Look for "finally" in each line of the entries, and return the matching lines.

Excerpted data:
========
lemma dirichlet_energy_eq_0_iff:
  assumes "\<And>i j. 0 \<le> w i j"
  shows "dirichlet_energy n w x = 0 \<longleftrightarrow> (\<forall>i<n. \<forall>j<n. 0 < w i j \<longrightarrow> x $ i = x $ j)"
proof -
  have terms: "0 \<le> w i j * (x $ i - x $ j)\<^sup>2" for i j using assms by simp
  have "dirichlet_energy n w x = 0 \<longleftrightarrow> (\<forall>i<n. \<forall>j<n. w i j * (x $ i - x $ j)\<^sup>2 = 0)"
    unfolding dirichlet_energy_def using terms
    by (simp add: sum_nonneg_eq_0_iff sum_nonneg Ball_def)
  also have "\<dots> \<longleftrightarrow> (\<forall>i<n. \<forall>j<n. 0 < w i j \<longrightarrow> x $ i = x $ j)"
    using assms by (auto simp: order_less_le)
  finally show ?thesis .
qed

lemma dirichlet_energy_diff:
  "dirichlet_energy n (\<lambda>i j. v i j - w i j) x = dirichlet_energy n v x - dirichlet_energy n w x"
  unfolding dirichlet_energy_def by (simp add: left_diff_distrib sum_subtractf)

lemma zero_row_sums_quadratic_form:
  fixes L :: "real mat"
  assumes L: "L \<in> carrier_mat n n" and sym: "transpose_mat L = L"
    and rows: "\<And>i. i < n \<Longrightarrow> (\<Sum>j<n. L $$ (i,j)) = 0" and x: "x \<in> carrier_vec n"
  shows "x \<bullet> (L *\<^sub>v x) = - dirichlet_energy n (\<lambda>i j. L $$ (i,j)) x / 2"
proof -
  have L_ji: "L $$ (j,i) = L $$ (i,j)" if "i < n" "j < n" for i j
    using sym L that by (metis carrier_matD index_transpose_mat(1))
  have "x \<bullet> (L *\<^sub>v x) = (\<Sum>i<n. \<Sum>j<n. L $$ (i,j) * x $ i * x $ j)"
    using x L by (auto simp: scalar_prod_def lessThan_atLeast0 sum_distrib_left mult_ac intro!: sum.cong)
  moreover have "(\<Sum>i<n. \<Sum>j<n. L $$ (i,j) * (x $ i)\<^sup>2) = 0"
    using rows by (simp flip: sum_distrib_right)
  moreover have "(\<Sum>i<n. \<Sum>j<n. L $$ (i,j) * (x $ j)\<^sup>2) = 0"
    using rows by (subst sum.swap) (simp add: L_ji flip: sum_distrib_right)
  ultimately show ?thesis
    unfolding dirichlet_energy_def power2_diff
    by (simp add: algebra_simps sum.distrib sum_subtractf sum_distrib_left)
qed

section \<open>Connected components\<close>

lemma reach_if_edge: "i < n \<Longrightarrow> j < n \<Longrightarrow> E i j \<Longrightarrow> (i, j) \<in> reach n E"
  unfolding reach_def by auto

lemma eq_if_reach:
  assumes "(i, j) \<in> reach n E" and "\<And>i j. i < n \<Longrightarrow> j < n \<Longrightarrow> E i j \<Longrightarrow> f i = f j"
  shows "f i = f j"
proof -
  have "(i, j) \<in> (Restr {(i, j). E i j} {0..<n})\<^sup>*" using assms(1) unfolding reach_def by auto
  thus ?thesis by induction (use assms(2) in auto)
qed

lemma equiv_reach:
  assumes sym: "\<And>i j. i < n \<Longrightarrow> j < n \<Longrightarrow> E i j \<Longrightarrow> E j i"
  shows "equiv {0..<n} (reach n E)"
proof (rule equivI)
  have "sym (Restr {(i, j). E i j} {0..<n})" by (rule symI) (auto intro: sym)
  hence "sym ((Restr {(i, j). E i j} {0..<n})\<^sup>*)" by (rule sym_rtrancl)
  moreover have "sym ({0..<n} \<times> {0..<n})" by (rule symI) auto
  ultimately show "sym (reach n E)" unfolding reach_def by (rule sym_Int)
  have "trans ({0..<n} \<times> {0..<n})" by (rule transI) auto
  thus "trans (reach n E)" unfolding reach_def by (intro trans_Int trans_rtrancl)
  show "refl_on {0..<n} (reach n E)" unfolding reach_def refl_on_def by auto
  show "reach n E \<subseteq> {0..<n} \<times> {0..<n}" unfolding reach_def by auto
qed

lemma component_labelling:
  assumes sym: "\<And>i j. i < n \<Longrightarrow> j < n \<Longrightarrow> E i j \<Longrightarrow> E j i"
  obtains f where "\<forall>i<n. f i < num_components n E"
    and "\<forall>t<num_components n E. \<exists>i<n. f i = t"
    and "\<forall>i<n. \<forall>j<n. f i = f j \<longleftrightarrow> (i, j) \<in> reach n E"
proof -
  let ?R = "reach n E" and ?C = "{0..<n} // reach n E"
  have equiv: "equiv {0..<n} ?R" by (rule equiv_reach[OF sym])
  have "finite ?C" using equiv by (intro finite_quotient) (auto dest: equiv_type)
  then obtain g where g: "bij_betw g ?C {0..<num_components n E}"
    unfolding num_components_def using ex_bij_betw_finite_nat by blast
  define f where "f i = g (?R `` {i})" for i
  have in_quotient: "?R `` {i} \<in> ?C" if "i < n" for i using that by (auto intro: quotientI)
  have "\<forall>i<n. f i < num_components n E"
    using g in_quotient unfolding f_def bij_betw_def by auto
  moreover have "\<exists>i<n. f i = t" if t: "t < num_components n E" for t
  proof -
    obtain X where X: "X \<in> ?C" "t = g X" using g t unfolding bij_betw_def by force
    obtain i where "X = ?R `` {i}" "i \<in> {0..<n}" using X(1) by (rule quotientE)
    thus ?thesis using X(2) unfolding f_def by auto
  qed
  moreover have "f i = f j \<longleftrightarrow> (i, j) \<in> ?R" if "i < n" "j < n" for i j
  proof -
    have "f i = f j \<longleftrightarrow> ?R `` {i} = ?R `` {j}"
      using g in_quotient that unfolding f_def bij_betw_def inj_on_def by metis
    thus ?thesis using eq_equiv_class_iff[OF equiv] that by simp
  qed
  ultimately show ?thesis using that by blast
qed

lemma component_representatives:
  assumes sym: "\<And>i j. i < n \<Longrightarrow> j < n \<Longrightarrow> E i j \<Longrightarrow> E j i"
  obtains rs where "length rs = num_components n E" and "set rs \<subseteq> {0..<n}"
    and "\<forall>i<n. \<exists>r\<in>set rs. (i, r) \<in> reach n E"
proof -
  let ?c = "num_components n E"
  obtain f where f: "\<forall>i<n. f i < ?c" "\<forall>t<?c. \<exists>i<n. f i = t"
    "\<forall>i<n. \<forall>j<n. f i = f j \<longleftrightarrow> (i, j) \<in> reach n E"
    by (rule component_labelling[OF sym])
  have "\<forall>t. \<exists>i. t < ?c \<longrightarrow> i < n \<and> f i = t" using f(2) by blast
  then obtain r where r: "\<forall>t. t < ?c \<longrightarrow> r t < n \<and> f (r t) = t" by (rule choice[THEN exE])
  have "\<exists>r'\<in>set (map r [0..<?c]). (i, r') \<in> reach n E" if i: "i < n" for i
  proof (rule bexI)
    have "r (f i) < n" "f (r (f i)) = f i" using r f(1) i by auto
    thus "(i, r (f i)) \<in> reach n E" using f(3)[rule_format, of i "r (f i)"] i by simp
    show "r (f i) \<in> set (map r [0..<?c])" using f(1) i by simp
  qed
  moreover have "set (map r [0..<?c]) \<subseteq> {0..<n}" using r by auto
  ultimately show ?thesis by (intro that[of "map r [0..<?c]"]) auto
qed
========
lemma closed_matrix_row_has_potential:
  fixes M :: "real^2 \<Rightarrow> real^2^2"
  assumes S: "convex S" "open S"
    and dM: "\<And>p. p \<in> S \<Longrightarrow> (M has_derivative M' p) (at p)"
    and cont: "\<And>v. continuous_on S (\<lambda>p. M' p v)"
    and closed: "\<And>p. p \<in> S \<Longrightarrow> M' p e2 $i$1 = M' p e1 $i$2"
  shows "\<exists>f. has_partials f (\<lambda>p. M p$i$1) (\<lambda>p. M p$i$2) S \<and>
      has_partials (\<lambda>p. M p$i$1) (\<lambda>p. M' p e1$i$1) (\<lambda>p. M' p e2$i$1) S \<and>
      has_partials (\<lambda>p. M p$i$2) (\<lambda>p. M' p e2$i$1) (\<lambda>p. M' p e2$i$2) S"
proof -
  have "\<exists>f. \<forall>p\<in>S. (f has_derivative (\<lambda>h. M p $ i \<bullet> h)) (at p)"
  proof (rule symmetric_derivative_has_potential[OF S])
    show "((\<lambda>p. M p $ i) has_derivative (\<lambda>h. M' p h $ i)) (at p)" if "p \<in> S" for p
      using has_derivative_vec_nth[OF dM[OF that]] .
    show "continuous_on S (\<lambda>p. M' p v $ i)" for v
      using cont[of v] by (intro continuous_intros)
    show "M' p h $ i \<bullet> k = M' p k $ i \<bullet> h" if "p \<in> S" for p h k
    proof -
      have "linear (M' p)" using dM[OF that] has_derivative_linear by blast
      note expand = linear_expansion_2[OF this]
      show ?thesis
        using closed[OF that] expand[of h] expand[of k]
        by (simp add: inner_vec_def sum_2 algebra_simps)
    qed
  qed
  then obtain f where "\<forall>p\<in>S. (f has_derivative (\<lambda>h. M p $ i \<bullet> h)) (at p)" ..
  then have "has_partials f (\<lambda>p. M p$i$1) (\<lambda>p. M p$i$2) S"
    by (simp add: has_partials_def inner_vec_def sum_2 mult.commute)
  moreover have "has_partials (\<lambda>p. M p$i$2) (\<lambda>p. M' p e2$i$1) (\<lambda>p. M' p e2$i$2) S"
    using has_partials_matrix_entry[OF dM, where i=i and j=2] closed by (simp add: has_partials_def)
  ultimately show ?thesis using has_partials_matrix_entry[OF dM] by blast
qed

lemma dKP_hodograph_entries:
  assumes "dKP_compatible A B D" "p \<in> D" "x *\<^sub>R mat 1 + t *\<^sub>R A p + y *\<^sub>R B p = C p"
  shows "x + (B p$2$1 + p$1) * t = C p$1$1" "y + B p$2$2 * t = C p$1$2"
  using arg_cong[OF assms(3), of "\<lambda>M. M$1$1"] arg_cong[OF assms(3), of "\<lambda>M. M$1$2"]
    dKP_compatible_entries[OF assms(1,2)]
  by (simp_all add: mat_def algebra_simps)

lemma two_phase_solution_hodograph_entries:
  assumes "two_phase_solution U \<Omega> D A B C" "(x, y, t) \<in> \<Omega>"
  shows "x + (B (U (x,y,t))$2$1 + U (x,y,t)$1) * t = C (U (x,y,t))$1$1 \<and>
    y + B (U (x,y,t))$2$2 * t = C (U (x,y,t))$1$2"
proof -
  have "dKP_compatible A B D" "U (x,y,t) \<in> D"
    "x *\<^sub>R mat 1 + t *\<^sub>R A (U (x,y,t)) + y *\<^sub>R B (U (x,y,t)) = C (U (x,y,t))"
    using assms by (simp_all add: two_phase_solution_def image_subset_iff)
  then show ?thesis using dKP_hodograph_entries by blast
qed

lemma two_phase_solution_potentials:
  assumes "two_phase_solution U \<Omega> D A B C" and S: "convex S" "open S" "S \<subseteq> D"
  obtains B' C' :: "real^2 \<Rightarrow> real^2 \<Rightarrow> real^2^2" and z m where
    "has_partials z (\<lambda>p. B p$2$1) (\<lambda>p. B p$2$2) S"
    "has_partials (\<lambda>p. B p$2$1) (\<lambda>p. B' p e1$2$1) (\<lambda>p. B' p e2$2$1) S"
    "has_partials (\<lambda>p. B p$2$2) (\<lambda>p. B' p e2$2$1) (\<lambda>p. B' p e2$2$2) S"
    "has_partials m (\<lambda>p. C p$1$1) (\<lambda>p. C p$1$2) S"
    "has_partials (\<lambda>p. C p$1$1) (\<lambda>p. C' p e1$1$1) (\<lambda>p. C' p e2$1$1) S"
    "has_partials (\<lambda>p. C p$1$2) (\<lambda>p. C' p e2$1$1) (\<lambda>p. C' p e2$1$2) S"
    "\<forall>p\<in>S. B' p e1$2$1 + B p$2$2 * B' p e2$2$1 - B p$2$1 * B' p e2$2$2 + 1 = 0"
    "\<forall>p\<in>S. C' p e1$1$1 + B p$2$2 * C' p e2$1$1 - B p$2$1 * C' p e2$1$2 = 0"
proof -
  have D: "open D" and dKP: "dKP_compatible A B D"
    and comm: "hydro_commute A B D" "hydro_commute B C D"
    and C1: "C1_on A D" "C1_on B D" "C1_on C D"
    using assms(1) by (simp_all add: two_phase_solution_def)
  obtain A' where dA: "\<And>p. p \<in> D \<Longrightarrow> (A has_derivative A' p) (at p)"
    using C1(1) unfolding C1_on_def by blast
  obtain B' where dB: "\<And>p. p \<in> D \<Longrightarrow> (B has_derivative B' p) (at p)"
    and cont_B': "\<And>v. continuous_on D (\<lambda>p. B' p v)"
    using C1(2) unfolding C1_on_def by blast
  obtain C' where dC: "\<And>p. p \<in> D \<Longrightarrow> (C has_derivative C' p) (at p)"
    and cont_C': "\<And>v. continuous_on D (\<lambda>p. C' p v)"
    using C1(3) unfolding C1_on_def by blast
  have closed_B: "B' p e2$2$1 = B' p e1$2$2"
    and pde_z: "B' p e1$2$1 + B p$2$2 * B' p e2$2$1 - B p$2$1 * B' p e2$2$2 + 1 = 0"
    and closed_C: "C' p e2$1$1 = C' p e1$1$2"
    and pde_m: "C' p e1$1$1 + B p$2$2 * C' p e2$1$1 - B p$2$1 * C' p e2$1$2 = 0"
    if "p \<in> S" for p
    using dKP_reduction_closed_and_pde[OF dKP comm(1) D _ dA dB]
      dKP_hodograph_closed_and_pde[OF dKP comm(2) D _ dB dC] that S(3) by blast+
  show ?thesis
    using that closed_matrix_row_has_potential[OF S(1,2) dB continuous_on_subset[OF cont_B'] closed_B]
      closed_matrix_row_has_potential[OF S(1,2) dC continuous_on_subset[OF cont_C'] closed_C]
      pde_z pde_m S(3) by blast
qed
========
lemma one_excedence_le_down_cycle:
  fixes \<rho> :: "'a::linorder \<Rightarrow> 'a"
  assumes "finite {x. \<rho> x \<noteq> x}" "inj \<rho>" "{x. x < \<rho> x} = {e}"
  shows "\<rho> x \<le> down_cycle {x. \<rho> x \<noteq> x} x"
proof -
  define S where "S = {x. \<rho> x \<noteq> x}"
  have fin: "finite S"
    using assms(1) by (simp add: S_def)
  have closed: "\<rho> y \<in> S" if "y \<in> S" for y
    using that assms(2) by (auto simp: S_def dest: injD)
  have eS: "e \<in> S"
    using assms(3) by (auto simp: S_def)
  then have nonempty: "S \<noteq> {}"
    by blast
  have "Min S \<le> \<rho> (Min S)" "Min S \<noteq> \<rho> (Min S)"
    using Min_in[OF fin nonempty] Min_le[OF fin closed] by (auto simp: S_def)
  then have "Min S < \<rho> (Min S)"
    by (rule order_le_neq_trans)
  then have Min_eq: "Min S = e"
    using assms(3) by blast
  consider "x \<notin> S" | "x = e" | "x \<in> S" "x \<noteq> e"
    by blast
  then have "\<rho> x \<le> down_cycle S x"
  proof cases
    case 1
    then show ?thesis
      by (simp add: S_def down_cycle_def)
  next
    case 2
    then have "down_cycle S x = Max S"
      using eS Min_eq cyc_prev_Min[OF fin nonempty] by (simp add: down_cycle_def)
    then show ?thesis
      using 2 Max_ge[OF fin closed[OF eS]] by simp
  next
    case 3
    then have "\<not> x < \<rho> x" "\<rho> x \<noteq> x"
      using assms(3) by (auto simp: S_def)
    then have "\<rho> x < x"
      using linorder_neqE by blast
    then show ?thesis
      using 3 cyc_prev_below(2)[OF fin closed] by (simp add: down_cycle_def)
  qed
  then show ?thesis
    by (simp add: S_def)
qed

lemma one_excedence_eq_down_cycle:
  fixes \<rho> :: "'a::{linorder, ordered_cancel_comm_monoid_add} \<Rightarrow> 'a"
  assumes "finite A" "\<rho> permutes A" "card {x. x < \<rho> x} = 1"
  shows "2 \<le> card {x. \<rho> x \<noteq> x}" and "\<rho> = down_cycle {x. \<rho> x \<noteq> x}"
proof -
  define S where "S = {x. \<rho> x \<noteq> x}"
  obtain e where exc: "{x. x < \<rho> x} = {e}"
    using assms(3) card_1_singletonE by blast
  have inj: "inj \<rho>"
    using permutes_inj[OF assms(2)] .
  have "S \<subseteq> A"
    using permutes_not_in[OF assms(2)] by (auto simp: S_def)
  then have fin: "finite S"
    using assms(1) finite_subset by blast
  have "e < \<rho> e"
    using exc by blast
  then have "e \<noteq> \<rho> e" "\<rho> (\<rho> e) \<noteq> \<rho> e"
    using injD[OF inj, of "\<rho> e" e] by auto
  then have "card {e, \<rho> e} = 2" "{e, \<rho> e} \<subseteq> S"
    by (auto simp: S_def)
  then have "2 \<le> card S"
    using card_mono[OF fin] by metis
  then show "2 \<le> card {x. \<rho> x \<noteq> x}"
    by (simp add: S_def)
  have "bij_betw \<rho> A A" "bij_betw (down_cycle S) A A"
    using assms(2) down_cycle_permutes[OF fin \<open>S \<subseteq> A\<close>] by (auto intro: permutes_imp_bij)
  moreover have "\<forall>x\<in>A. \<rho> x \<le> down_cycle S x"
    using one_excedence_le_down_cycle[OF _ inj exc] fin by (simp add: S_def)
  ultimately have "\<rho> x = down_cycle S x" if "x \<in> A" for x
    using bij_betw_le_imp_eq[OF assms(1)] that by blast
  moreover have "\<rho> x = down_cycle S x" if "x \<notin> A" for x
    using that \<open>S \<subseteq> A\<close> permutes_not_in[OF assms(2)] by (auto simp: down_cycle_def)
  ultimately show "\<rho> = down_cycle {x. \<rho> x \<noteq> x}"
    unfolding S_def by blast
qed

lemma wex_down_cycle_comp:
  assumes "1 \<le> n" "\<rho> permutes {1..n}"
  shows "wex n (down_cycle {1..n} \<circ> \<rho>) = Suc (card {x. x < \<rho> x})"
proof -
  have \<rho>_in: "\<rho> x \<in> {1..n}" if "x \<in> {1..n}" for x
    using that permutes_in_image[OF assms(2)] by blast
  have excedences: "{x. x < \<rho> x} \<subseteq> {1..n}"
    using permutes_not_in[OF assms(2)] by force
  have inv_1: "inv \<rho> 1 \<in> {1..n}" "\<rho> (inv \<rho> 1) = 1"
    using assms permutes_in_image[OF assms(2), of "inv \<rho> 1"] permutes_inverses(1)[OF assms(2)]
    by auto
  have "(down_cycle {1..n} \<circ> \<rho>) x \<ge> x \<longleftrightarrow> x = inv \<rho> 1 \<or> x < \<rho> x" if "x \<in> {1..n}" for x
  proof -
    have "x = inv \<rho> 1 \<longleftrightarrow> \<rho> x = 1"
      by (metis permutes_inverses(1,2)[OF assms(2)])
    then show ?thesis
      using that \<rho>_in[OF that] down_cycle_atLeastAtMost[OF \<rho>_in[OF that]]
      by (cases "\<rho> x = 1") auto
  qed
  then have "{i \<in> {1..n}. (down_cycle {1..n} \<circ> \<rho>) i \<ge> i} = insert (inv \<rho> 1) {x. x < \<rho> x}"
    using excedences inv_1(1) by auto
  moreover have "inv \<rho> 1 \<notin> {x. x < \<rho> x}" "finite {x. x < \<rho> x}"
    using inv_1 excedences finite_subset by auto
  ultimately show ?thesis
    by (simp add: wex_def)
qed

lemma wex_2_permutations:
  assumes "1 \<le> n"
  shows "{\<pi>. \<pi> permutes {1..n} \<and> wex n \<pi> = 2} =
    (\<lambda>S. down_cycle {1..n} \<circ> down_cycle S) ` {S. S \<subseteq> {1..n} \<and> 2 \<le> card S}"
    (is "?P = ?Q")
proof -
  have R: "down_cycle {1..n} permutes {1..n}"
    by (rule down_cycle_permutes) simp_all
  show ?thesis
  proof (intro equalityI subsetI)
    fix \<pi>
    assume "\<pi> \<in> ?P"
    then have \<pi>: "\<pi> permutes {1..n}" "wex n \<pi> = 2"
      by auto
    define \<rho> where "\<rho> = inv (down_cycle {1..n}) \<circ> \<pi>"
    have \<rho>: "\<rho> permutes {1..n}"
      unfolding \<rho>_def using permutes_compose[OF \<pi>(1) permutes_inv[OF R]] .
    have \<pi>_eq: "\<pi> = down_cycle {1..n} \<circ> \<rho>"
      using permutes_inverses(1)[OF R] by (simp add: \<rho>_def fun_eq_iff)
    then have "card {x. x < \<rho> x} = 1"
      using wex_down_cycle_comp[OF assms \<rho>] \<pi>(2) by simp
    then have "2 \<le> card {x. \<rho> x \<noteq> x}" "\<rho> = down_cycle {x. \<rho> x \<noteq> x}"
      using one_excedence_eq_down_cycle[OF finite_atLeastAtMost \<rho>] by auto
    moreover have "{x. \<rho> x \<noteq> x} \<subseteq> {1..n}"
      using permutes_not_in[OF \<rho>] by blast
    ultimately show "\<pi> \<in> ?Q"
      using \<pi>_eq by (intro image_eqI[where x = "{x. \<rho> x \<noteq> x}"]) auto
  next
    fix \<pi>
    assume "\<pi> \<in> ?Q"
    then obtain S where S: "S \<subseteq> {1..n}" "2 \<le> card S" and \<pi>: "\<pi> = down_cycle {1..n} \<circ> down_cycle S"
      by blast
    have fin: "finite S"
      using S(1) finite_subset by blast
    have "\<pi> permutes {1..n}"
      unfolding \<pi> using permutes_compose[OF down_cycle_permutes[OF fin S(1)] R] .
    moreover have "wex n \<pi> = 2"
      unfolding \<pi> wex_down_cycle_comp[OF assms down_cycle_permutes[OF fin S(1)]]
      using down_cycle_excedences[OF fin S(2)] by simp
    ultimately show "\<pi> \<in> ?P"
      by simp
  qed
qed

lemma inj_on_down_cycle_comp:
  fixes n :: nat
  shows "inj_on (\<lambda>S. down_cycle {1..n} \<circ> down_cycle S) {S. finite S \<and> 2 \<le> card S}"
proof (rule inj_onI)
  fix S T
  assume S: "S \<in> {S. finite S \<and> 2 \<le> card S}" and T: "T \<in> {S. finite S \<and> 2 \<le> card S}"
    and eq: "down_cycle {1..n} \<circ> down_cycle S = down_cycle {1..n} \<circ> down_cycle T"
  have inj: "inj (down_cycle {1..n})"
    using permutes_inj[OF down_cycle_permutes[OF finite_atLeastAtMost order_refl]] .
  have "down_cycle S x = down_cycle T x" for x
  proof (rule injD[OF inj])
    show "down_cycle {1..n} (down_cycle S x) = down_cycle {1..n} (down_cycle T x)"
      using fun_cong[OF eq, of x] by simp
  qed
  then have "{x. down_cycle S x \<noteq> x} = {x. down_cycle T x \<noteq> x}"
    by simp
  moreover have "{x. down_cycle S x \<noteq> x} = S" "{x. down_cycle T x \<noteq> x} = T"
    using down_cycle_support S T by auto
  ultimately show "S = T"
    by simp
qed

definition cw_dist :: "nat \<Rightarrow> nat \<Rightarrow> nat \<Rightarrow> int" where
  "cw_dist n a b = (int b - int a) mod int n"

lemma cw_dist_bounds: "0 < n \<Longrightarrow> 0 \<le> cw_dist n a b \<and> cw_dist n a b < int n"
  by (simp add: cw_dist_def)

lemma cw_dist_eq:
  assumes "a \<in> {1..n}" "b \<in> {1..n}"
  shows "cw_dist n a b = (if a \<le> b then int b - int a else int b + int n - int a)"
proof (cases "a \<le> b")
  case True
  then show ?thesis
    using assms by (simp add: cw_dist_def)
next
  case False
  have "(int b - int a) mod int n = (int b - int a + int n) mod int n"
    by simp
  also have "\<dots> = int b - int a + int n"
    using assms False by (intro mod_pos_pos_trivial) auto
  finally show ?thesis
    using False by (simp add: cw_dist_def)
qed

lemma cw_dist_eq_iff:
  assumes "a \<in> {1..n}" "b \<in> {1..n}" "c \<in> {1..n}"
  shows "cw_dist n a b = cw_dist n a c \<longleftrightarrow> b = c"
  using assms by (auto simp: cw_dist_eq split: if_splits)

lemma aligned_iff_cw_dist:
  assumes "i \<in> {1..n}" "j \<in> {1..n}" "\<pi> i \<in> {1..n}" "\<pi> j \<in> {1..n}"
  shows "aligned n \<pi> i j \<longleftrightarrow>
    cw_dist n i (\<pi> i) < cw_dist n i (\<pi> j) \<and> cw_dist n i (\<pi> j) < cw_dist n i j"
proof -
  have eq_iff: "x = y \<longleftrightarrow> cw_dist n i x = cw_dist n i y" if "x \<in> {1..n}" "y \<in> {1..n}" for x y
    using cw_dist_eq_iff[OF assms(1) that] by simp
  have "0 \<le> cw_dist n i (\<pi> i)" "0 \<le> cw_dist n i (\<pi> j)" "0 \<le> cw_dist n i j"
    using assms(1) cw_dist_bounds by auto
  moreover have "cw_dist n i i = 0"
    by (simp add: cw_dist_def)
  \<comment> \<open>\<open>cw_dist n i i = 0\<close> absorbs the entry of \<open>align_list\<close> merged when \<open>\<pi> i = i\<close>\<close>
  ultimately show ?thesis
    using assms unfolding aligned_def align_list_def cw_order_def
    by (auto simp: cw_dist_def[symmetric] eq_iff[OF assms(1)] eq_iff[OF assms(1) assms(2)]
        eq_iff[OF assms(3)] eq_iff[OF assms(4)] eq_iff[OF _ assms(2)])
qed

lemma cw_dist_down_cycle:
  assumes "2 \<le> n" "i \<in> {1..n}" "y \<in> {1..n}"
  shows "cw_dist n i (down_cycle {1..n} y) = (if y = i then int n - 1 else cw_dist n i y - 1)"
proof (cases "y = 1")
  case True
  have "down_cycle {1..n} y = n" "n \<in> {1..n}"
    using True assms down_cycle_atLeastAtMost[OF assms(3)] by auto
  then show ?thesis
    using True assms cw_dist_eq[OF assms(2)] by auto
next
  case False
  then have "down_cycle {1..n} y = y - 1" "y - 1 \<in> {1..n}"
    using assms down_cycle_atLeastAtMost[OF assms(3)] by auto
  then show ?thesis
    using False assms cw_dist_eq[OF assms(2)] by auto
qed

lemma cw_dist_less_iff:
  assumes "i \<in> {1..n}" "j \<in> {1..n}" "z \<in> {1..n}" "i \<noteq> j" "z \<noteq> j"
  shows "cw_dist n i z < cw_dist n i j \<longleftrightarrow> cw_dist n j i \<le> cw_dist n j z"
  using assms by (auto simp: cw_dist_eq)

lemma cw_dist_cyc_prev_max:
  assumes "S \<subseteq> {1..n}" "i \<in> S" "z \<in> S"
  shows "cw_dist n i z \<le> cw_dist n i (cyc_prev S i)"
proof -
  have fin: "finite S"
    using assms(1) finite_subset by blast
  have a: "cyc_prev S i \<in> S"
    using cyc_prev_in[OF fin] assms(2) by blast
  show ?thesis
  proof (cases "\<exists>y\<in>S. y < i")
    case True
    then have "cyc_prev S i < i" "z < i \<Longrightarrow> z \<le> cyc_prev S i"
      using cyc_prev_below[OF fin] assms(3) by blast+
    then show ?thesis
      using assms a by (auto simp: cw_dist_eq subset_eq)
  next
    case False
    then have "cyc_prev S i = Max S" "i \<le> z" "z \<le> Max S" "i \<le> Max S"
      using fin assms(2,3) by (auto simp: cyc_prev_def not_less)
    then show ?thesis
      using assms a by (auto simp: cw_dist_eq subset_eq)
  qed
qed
========
Answer space:
  finally show ?thesis .
  finally show ?thesis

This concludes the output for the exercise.